lemma central_binomial_Suc: "(n + 1) * (2 * Suc n choose Suc n) = 2 * (2 * n + 1) * (2 * n choose n)"
proof -
  have "(n + 1) * ((n + 1) * (2 * Suc n choose Suc n)) = (n + 1) * (2 * ((n + 1) * (Suc (2 * n) choose n)))"
    using Suc_times_binomial_eq[of "Suc (2 * n)" n] by (simp del: binomial_Suc_Suc add: algebra_simps)
  also have "(n + 1) * (Suc (2 * n) choose n) = (2 * n + 1) * (2 * n choose n)"
    using Suc_times_binomial_eq[of "2 * n" n] binomial_symmetric[of "Suc n" "Suc (2 * n)"]
    by (simp del: binomial_Suc_Suc add: algebra_simps)
  finally show ?thesis
    by (subst (asm) mult_left_cancel) (simp_all del: binomial_Suc_Suc add: algebra_simps)
qed

lemma convolution_recurrence_closed_form:
  fixes a :: "nat \<Rightarrow> nat"
  assumes a0: "a 0 = 1" and aSuc: "\<And>n. a (Suc n) = (\<Sum>k\<le>n. a k * a (n - k))"
  shows "(n + 1) * a n = 2 * n choose n"
proof (induction n)
  case 0
  then show ?case by (simp add: a0)
next
  case (Suc n)
  have "(n + 1) * ((Suc n + 1) * a (Suc n)) = (n + 1) * ((4 * n + 2) * a n)"
    using convolution_recurrence_imp_ratio_recurrence[OF a0 aSuc, of n] by simp
  also have "\<dots> = 2 * (2 * n + 1) * ((n + 1) * a n)"
    by (simp add: algebra_simps)
  also have "\<dots> = (n + 1) * (2 * Suc n choose Suc n)"
    by (simp only: Suc central_binomial_Suc)
  finally show ?case
    by (subst (asm) mult_left_cancel) simp_all
qed

lemma bij_betw_reflect:
  fixes a b N :: nat
  assumes "a \<le> N" "b \<le> N"
  shows "bij_betw (\<lambda>i. N - i) {a..b} {N - b..N - a}"
proof (rule bij_betw_imageI)
  show "inj_on (\<lambda>i. N - i) {a..b}"
    using assms by (auto simp: inj_on_def)
  show "(\<lambda>i. N - i) ` {a..b} = {N - b..N - a}"
  proof
    show "{N - b..N - a} \<subseteq> (\<lambda>i. N - i) ` {a..b}"
    proof
      fix y assume "y \<in> {N - b..N - a}"
      then show "y \<in> (\<lambda>i. N - i) ` {a..b}"
        using assms by (intro image_eqI[of _ _ "N - y"]) auto
    qed
  qed (use assms in auto)
qed
lemma diam_complement_ge_3_iff:
  assumes wf: "wf_graph X"
  shows "3 \<le> diam (complement X) \<longleftrightarrow> (\<exists>a b. adj X a b \<and> undominated X a b = {})"
proof
  assume "3 \<le> diam (complement X)"
  show "\<exists>a b. adj X a b \<and> undominated X a b = {}"
  proof (rule ccontr)
    assume no_arc: "\<not> (\<exists>a b. adj X a b \<and> undominated X a b = {})"
    have "diam (complement X) \<le> 2"
      unfolding diam_def
    proof (rule SUP_least)
      fix p assume "p \<in> verts (complement X) \<times> verts (complement X)"
      then show "gdist (complement X) (fst p) (snd p) \<le> 2"
        using gdist_complement_le_2[OF wf] no_arc by (simp add: mem_Times_iff)
    qed
    with \<open>3 \<le> diam (complement X)\<close> have "(3::enat) \<le> 2"
      by (rule order_trans)
    then show False
      by simp
  qed
next
  assume "\<exists>a b. adj X a b \<and> undominated X a b = {}"
  then obtain a b where ab: "adj X a b" "undominated X a b = {}"
    by blast
  have "gdist (complement X) a b \<le> diam (complement X)"
    unfolding diam_def using ab(1) wf_graphD(2,3)[OF wf] by (intro SUP_upper2[of "(a, b)"]) simp_all
  then show "3 \<le> diam (complement X)"
    using gdist_complement_ge_3[OF wf ab] by (rule order_trans[rotated])
qed

lemma dominating_singleton_iff:
  assumes wf: "wf_graph X"
  shows "dominating X {d} \<longleftrightarrow> d \<in> verts X \<and> degree X d = card (verts X) - 1"
proof (cases "d \<in> verts X")
  case True
  have sub: "neighbours X d \<subseteq> verts X - {d}"
    using wf_graphD(5)[OF wf] by (auto simp: neighbours_def)
  have fin: "finite (verts X - {d})"
    using wf_graphD(1)[OF wf] by blast
  have "dominating X {d} \<longleftrightarrow> verts X - {d} \<subseteq> neighbours X d"
    using True wf_graphD(4)[OF wf] unfolding dominating_def neighbours_def by blast
  also have "\<dots> \<longleftrightarrow> card (neighbours X d) = card (verts X - {d})"
    using card_subset_eq[OF fin sub] sub by auto
  also have "card (verts X - {d}) = card (verts X) - 1"
    using True by simp
  finally show ?thesis
    using True by (simp add: degree_def)
qed (simp add: dominating_def)

lemma dominating_pair_iff_undominated:
  assumes wf: "wf_graph X" and "a \<in> verts X" "b \<in> verts X"
  shows "dominating X {a, b} \<longleftrightarrow> undominated X a b = {}"
  using assms wf_graphD(4)[OF wf] unfolding dominating_def undominated_def by blast

lemma domination_number_le_card: "dominating X D \<Longrightarrow> domination_number X \<le> card D"
  unfolding domination_number_def by (rule Least_le) blast

lemma domination_number_eq_2I:
  assumes fin: "finite (verts X)" and pair: "dominating X {a, b}" "a \<noteq> b"
    and no_single: "\<And>d. \<not> dominating X {d}"
  shows "domination_number X = 2"
proof -
  have "\<exists>D. dominating X D \<and> card D = domination_number X"
    unfolding domination_number_def by (rule LeastI_ex) (use pair(1) in blast)
  then obtain D where D: "dominating X D" "card D = domination_number X"
    by blast
  have "D \<noteq> {}"
    using pair(1) D(1) unfolding dominating_def by blast
  moreover have "finite D"
    using D(1) fin finite_subset unfolding dominating_def by blast
  ultimately have "card D \<noteq> 0"
    by simp
  moreover have "card D \<noteq> 1"
  proof
    assume "card D = 1"
    then obtain d where "D = {d}"
      by (rule card_1_singletonE)
    then show False
      using D(1) no_single by simp
  qed
  moreover have "domination_number X \<le> 2"
    using domination_number_le_card[OF pair(1)] pair(2) by simp
  ultimately show ?thesis
    using D(2) by arith
qed
(* Let $\xi\in(0,1)$ be a constant. For unit-sum valuation functions in one-sided matching with $n$ agents and $n$ items, every deterministic matching algorithm that makes at most $k$ value queries per agent, where $1\le k\le(1-\xi)n^{1/(k+1)}$, has distortion $\Omega\!\left(\frac1k n^{1/(k+1)}\right)$. The hidden constant depends only on $\xi$. This holds even on instances where all agents have the same ranking of the items.
   Context: One-sided matching: there is a set $N$ of $n$ agents and a set $A$ of $n$ items. Each agent $i$ has a valuation function $v_i:A\to\mathbb{R}_{\ge0}$ with $\sum_{j\in A}v_i(j)=1$ (unit-sum). A deterministic matching algorithm making $k$ queries per agent receives the strict rankings consistent with the values (if $a\succ_i b$ then $v_i(a)\ge v_i(b)$). It adaptively makes value queries $(i,j)\mapsto v_i(j)$, at most $k$ per agent, and outputs a bijection $Y:N\to A$. Its distortion is the supremum over unit-sum valuation profiles of $\max_Z\sum_i v_i(z_i)/\sum_i v_i(y_i)$. *)

theory Defs
  imports Complex_Main
begin

text \<open>Agents and items are both indexed by {..<n}. A valuation profile is
  v :: nat => nat => real, with v i j the value of agent i for item j.
  A ranking profile is P :: nat => nat => nat, where P i r is the item that
  agent i ranks at position r (position 0 = most preferred).\<close>

text \<open>A deterministic adaptive query algorithm, after seeing the rankings,
  is a (possibly infinitely branching, well-founded) decision tree: either it
  outputs a matching, or it queries the value v i j and continues depending
  on the answer.\<close>

datatype qtree = Output "nat \<Rightarrow> nat" | Query nat nat "real \<Rightarrow> qtree"

primrec run_out :: "qtree \<Rightarrow> (nat \<Rightarrow> nat \<Rightarrow> real) \<Rightarrow> nat \<Rightarrow> nat" where
  "run_out (Output Y) v = Y"
| "run_out (Query i j f) v = run_out (f (v i j)) v"

primrec run_queries :: "qtree \<Rightarrow> (nat \<Rightarrow> nat \<Rightarrow> real) \<Rightarrow> (nat \<times> nat) list" where
  "run_queries (Output Y) v = []"
| "run_queries (Query i j f) v = (i, j) # run_queries (f (v i j)) v"

definition is_ranking :: "nat \<Rightarrow> (nat \<Rightarrow> nat) \<Rightarrow> bool" where
  "is_ranking n \<sigma> \<longleftrightarrow> bij_betw \<sigma> {..<n} {..<n}"

definition unit_sum :: "nat \<Rightarrow> (nat \<Rightarrow> nat \<Rightarrow> real) \<Rightarrow> bool" where
  "unit_sum n v \<longleftrightarrow> (\<forall>i<n. (\<forall>j<n. v i j \<ge> 0) \<and> (\<Sum>j<n. v i j) = 1)"

definition consistent :: "nat \<Rightarrow> (nat \<Rightarrow> nat \<Rightarrow> nat) \<Rightarrow> (nat \<Rightarrow> nat \<Rightarrow> real) \<Rightarrow> bool" where
  "consistent n P v \<longleftrightarrow> (\<forall>i<n. \<forall>r s. r < s \<and> s < n \<longrightarrow> v i (P i r) \<ge> v i (P i s))"

definition valid_alg :: "nat \<Rightarrow> nat \<Rightarrow> ((nat \<Rightarrow> nat \<Rightarrow> nat) \<Rightarrow> qtree) \<Rightarrow> bool" where
  "valid_alg n k A \<longleftrightarrow>
    (\<forall>P v. (\<forall>i<n. is_ranking n (P i)) \<and> unit_sum n v \<and> consistent n P v \<longrightarrow>
       (\<forall>(i, j) \<in> set (run_queries (A P) v). i < n \<and> j < n) \<and>
       (\<forall>i<n. length (filter (\<lambda>q. fst q = i) (run_queries (A P) v)) \<le> k) \<and>
       bij_betw (run_out (A P) v) {..<n} {..<n})"

definition welfare :: "nat \<Rightarrow> (nat \<Rightarrow> nat \<Rightarrow> real) \<Rightarrow> (nat \<Rightarrow> nat) \<Rightarrow> real" where
  "welfare n v Y = (\<Sum>i<n. v i (Y i))"

end

theory Submission
  imports Defs
begin

text \<open>Let m \<approx> n^(1/(k+1)) and split the items, in their common ranking order, into
  buckets 0, ..., k+1 of sizes 1, m - 1, m^2 - m, ..., m^k - m^(k-1) and the rest. Every item of
  bucket t \<le> k has base value m^-(t+1), so the base values sum to at most (k+1)/m; an agent of
  type t instead spreads all remaining mass uniformly over bucket t. The adversary answers every
  query with the base value. An agent is queried at most k times, so together with its assigned
  item it touches at most k+1 buckets and can be given a type whose bucket it never touched.
  The algorithm then behaves as on the base values and achieves welfare at most (k+1)/m, while
  some type t is shared by at least as many agents as bucket t has items, and matching these
  agents to bucket t achieves welfare close to 1.\<close>

section \<open>Decision trees\<close>

definition query_count :: "nat \<Rightarrow> (nat \<times> nat) list \<Rightarrow> nat" where
  "query_count i qs = length (filter (\<lambda>q. fst q = i) qs)"

definition queried_items :: "nat \<Rightarrow> (nat \<times> nat) list \<Rightarrow> nat set" where
  "queried_items i qs = {j. (i, j) \<in> set qs}"

lemma finite_queried_items: "finite (queried_items i qs)"
proof -
  have "queried_items i qs \<subseteq> snd ` set qs" by (force simp: queried_items_def)
  thus ?thesis by (rule finite_subset) simp
qed

lemma card_queried_items_le: "card (queried_items i qs) \<le> query_count i qs"
proof -
  have "queried_items i qs = snd ` set (filter (\<lambda>q. fst q = i) qs)"
    by (force simp: queried_items_def)
  also have "card \<dots> \<le> card (set (filter (\<lambda>q. fst q = i) qs))" by (rule card_image_le) simp
  also have "\<dots> \<le> query_count i qs" unfolding query_count_def by (rule card_length)
  finally show ?thesis .
qed

lemma query_count_take_le: "query_count i (take p qs) \<le> query_count i qs"
  unfolding query_count_def by (metis append_take_drop_id filter_append length_append le_add1)

lemma take_run_queries_cong:
  "\<forall>(i, j) \<in> set (take p (run_queries T v)). w i j = v i j
   \<Longrightarrow> take p (run_queries T w) = take p (run_queries T v)"
proof (induction T arbitrary: p)
  case (Query i j f)
  thus ?case by (cases p) auto
qed simp
(* Let $U,V\in\mathbb{R}_{\max}^{m\times n}$, $b,d\in\mathbb{R}_{\max}^m$, $p\in\mathbb{R}_{\max}^n$, $q\in(\mathbb{R}\cup\{+\infty\})^n$, with $A$, $B(\lambda)$, $\Phi$, strategies and the game graph as described in the context. Then $\lambda^*\in\mathbb{R}$ is optimal (i.e. $\Phi(\lambda^* )\ge 0$ and $\Phi(\lambda)<0$ for all $\lambda<\lambda^*$) if and only if $\Phi(\lambda^* )\geq 0$ and there exist a positional strategy $\tau$ of Min and a node $j$ of Min such that, in the game graph defined by $A_\tau$ and $B(\lambda^* )$, every cycle accessible from $j$ has non-positive weight, and every cycle of zero weight accessible from $j$ contains a node of Max that does not belong to the group $[m]$.
   Context: Max-plus notation: $\mathbb{R}_{\max}=\mathbb{R}\cup\{-\infty\}$, $a\oplus b=\max(a,b)$, $a\otimes b=a+b$, extended to matrices as usual ($(A\otimes B)_{ij}=\max_k(a_{ik}+b_{kj})$). $I$ is the max-plus identity (0 on the diagonal, $-\infty$ elsewhere). The conjugate $a^-$ is $-a$ for real $a$, $+\infty$ for $a=-\infty$, $-\infty$ for $a=+\infty$; $q^-=(q_i^-)$ as a row vector. These data define Problem (P): minimize $x^-\otimes p\oplus q^-\otimes x$ over $x\in\mathbb{R}^n$ subject to $U\otimes x\oplus b\le V\otimes x\oplus d$. Set $$A=\begin{pmatrix} U & b\\ -\infty & p\\ q^- & -\infty\end{pmatrix},\qquad B(\lambda)=\begin{pmatrix} V & d\\ \lambda\otimes I & -\infty\\ -\infty & \lambda\end{pmatrix}$$ ($(m+n+1)\times(n+1)$ matrices; the middle block row of $A$ is $(-\infty_{n\times n},\,p)$, its last row is $(q^-,-\infty)$; $\lambda\otimes I$ has $\lambda$ on the diagonal and $-\infty$ elsewhere; the last row of $B(\lambda)$ is $(-\infty,\dots,-\infty,\lambda)$). Game graph defined by matrices $A'$ and $B'$ (both $(m+n+1)\times(n+1)$): nodes of Max are the rows $1,\dots,m+n+1$, and the first $m$ rows form the group $[m]$ (corresponding to the constraint $U\otimes x\oplus b\le V\otimes x\oplus d$); nodes of Min are the columns $1,\dots,n+1$. There is an arc from Max node $i$ to Min node $l$ of weight $b'_{il}$ whenever $b'_{il}\ne-\infty$, and an arc from Min node $j$ to Max node $i$ of weight $-a'_{ij}$ whenever $a'_{ij}\neq-\infty$. The weight of a cycle is the sum of its arc weights. A positional strategy of Min is a map $\tau:\{1,\dots,n+1\}\to\{1,\dots,m+n+1\}$ with $a_{\tau(j)j}\ne-\infty$; $A_\tau$ keeps the entries $a_{\tau(j)j}$ and replaces all other entries by $-\infty$. For $M\times N$ matrices $A',B'$, $A'^\sharp B'$ denotes the map $f_j(x)=\min_{k:a'_{kj}\ne-\infty}(-a'_{kj}+\max_{l:b'_{kl}\ne-\infty}(b'_{kl}+x_l))$ on $\mathbb{R}^N$, with cycle-time vector $\chi(A'^\sharp B')=\lim_k f^k(0)/k$; $\Phi(\lambda)=\min_i\chi_i(A^\sharp B(\lambda))$. (Standing assumption: every column of $A$ and every row of $B(\lambda)$ has a finite entry.) The condition $\Phi(\lambda)\ge0$ expresses that Problem (P) has a feasible $x\in\mathbb{R}^n$ with objective value at most $\lambda$. *)

theory Defs
  imports "HOL-Analysis.Analysis" "HOL-Library.Extended_Real"
begin
(* Let $\alpha>-1$, $M\ge0$, $N\ge0$. For $n=1,2,3,\ldots$ let $$L_n^{\alpha,M,N}(x)=A_0L_n^{(\alpha)}(x)+A_1\frac{d}{dx}L_n^{(\alpha)}(x)+A_2\frac{d^2}{dx^2}L_n^{(\alpha)}(x),$$ where $$A_0=1+M\binom{n+\alpha}{n-1}+\frac{n(\alpha+2)-(\alpha+1)}{(\alpha+1)(\alpha+3)}N\binom{n+\alpha}{n-2}+\frac{MN}{(\alpha+1)(\alpha+2)}\binom{n+\alpha}{n-1}\binom{n+\alpha+1}{n-2},$$ $$A_1=M\binom{n+\alpha}{n}+\frac{n-1}{\alpha+1}N\binom{n+\alpha}{n-1}+\frac{2MN}{(\alpha+1)^2}\binom{n+\alpha}{n}\binom{n+\alpha+1}{n-2},$$ $$A_2=\frac{N}{\alpha+1}\binom{n+\alpha}{n-1}+\frac{MN}{(\alpha+1)^2}\binom{n+\alpha}{n}\binom{n+\alpha+1}{n-1}.$$ Then for every $n\ge1$, $y=L_n^{\alpha,M,N}$ satisfies the (infinite order) differential equation $$\sum_{i=0}^{\infty}b_i^*(\alpha,x)y^{(i)}(x)+M\sum_{i=0}^{\infty}c_i^*(\alpha,x)y^{(i)}(x)=0,$$ where $b_i^*(\alpha,x)=\frac{1}{i!}\sum_{j=0}^i(-1)^j\binom{i}{j}(\alpha+1)_{i-j}x^j$ and $c_i^*(\alpha,x)=\frac{(-1)^i}{i!}x^i$ for $i=0,1,2,\ldots$.
   Context: $L_n^{(\alpha)}(x)=\binom{n+\alpha}{n}\,{}_1F_1\!\left(\begin{matrix}-n\\ \alpha+1\end{matrix};x\right)=\sum_{k=0}^n\frac{(-n)_k}{(\alpha+1)_k}\binom{n+\alpha}{n}\frac{x^k}{k!}$ is the classical Laguerre polynomial; $(a)_k$ is the Pochhammer symbol and $\binom{\gamma}{m}$ the generalized binomial coefficient (zero when $m<0$). The polynomials $L_n^{\alpha,M,N}$ are orthogonal with respect to the Sobolev inner product $\langle f,g\rangle=\frac{1}{\Gamma(\alpha+1)}\int_0^\infty x^\alpha e^{-x}f(x)g(x)\,dx+Mf(0)g(0)+Nf'(0)g'(0)$. The infinite sums are finite when applied to polynomials. *)

theory Defs
  imports "HOL-Analysis.Analysis" "HOL-Computational_Algebra.Polynomial"
begin

definition gbinom :: "real \<Rightarrow> int \<Rightarrow> real" where
  "gbinom g m = (if m < 0 then 0 else g gchoose (nat m))"

definition laguerre :: "nat \<Rightarrow> real \<Rightarrow> real poly" where
  "laguerre n a = (\<Sum>k\<le>n. monom (pochhammer (- real n) k / pochhammer (a + 1) k
        * gbinom (real n + a) (int n) / fact k) k)"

☆ ☆ ☆ ☆ ☆ ☆ ☆

Prompt.
Print, without alteration, only the lines above between the one holding "proof (rule bij_betw_imageI)" and the one holding "proof (rule SUP_least)", inclusive.

Answer for this exercise.
proof (rule bij_betw_imageI)
  show "inj_on (\<lambda>i. N - i) {a..b}"
    using assms by (auto simp: inj_on_def)
  show "(\<lambda>i. N - i) ` {a..b} = {N - b..N - a}"
  proof
    show "{N - b..N - a} \<subseteq> (\<lambda>i. N - i) ` {a..b}"
    proof
      fix y assume "y \<in> {N - b..N - a}"
      then show "y \<in> (\<lambda>i. N - i) ` {a..b}"
        using assms by (intro image_eqI[of _ _ "N - y"]) auto
    qed
  qed (use assms in auto)
qed
lemma diam_complement_ge_3_iff:
  assumes wf: "wf_graph X"
  shows "3 \<le> diam (complement X) \<longleftrightarrow> (\<exists>a b. adj X a b \<and> undominated X a b = {})"
proof
  assume "3 \<le> diam (complement X)"
  show "\<exists>a b. adj X a b \<and> undominated X a b = {}"
  proof (rule ccontr)
    assume no_arc: "\<not> (\<exists>a b. adj X a b \<and> undominated X a b = {})"
    have "diam (complement X) \<le> 2"
      unfolding diam_def
    proof (rule SUP_least)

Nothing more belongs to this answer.